I love hiking! I love being outside, in large part because my work largely keeps me inside, and inside a city at that. Every time I go to the mountains my batteries get recharged.
Maybe it's just due to Facebook, but boy there seem to be a lot of people for whom hiking has become work. They post about their "goals for the winter." They post the number of the mountain before even the name--and many of these folks are doing so having hiked barely a dozen mountains. Maybe it isn't true, but I get the sense that those folks will not repeat a mountain before finishing off their 48, not for anything.
I read the question carefully and then I read the entire thread and the first response that came into my head was, what difference can it possibly make? (my tone here is friendly) Each person hikes for their own personal reason and the role that lists play is a bit different for each one. Nevertheless, just like with anthropology, I find the commonalities between people and populations to be of greater interest than the differences, which have been compared to as just different foam on the same beer. The sense I get from reading TR's of people who are completing peak lists is that the list itself becomes a sort of meta-experience that binds the individual hikes into a unified goal. And, humans are DNA-bound to be goal oriented in order to have survived. The list is a modern-day fun facsimile for actual survival. (we'd have to put hikers into functional MRI to verify that
) So, for first-timers, all caught up with the thrill and excitement of the "chase" of the list it's easy to understand not wanting to do "off-list" hikes.
And then some people like creating (contriving) really big goals, such as monthly and even weekly grids.
One indication to the power of the draw is that a list may serve to galvanize so many people into going out and hiking peaks of lesser interest in order to complete the list (no views, bad trails, long feature-poor approaches) or in bad weather. The boring peak gives increased meaning to all the other peaks. I think this is a great window that informs us as to human nature.
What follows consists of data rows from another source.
theorem lemma4p5:
  fixes a \<tau> so :: real
    and f x x' :: "real \<Rightarrow> real"
    and Df :: "nat \<Rightarrow> real \<Rightarrow> real"
  assumes "a \<ge> 0"
    and "smooth_ray a f Df"
    and "\<forall>s\<ge>a. f s > 0"
    and "C1_pos x x'"
    and "\<forall>s\<ge>a. energy_density x x' Df s \<ge> \<tau>"
    and "so > a"
    and "Df 1 so > 0"
  shows "(\<exists>\<delta>>0. \<exists>ft Dft. smooth_ray (so - \<delta>) ft Dft
            \<and> (\<forall>s\<ge>so - \<delta>. ft s > 0)
            \<and> (\<forall>s\<ge>so. ft s = f s)
            \<and> (\<forall>s\<ge>so - \<delta>. energy_density x x' Dft s \<ge> \<tau>)
            \<and> (\<forall>s\<in>{so - \<delta>..<so}. energy_density x x' Dft s > \<tau>))
       \<and> (\<forall>c. f so > c \<and> c > 0 \<and> Df 2 so > 0 \<longrightarrow>
           (\<exists>\<delta>>0. \<exists>ft Dft. smooth_ray (so - \<delta>) ft Dft
            \<and> (\<forall>s\<ge>so - \<delta>. ft s > 0)
            \<and> (\<forall>s\<ge>so. ft s = f s)
            \<and> (\<forall>s\<ge>so - \<delta>. energy_density x x' Dft s \<ge> \<tau>)
            \<and> (\<forall>s\<in>{so - \<delta>..<so}. energy_density x x' Dft s > \<tau>)
            \<and> ft (so - \<delta>) > c
            \<and> Dft 1 (so - \<delta>) < Df 1 so))"
proof -
  interpret flat_reparametrization a so f Df
    using assms(2,3,6) by unfold_locales auto
  have witness: "\<exists>\<delta>>0. \<exists>g Dg. P \<delta> g Dg" if "\<forall>\<^sub>F \<delta> in at_right 0. P \<delta> ft Dft"
    for P :: "real \<Rightarrow> (real \<Rightarrow> real) \<Rightarrow> (nat \<Rightarrow> real \<Rightarrow> real) \<Rightarrow> bool"
    using eventually_happens'[OF trivial_limit_at_right_real eventually_conj[OF eventually_at_right_less that]]
    by blast
  show ?thesis
    using assms(5,7)
    by (intro conjI allI impI witness eventually_conj eventually_smooth_ray_Dft eventually_ft_pos
        eventually_energy_density_ge eventually_energy_density_gt eventually_ft_gt eventually_Dft_1_less)
      (auto simp: ft_eq_f)
qed

end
Also, we are a highly social species so doing a list serves to bind people into a community. There's that common experience that can be shared and talked about.
I think there is a difference between saying, "I love hiking, and I use a list to get me out to mountains I otherwise wouldn't hike." and "I'm hiking a list, and don't even think of asking me to hike a mountain when I've already checked the box off my spreadsheet."
It feels like the longer I'm in the hiking world, the larger the percentage of people I see in the latter category.
Without an actual unbiased survey I think this is speculative.
Maybe this is a loss, or maybe it's just inevitable if one goes to the mountains a lot. It just seems to me that there are a lot of people who don't go to the mountains a lot and still take the latter approach, for better or for worse.
This takes me back to the first answer I gave above. The reason I don't think it matters is that the thought processes that underlie other hikers' motivations and hiking experiences have no impact upon my own experience. Perhaps their attitudes will, in some convoluted way, affect my own experience down the road but I don't see how on first view.
As for Facebook, that's a whole 'nuther thread on its own. I see FB more as "look at me" whereas forums are more about sharing of info. Nevertheless, FB is also about keeping in touch with non-hiking family and friends. But as more and more forum people join FB they end up becoming friends and next thing you know rather than post on the forums and on FB they choose FB. The potent networking of FB does the rest. It's impossible to predict where people will take social media over the next few years. Who would have predicted the selfie and the selfie stick 10 years ago? Young women in Britain have been reported to spend 5 hours a week taking selfies.
Edit: To answer the question of the thread title: Yes. I hiked for about thirty years without "resorting" to lists. In fact I only learned of the list phenom when I began hiking in the NE in my late 40's.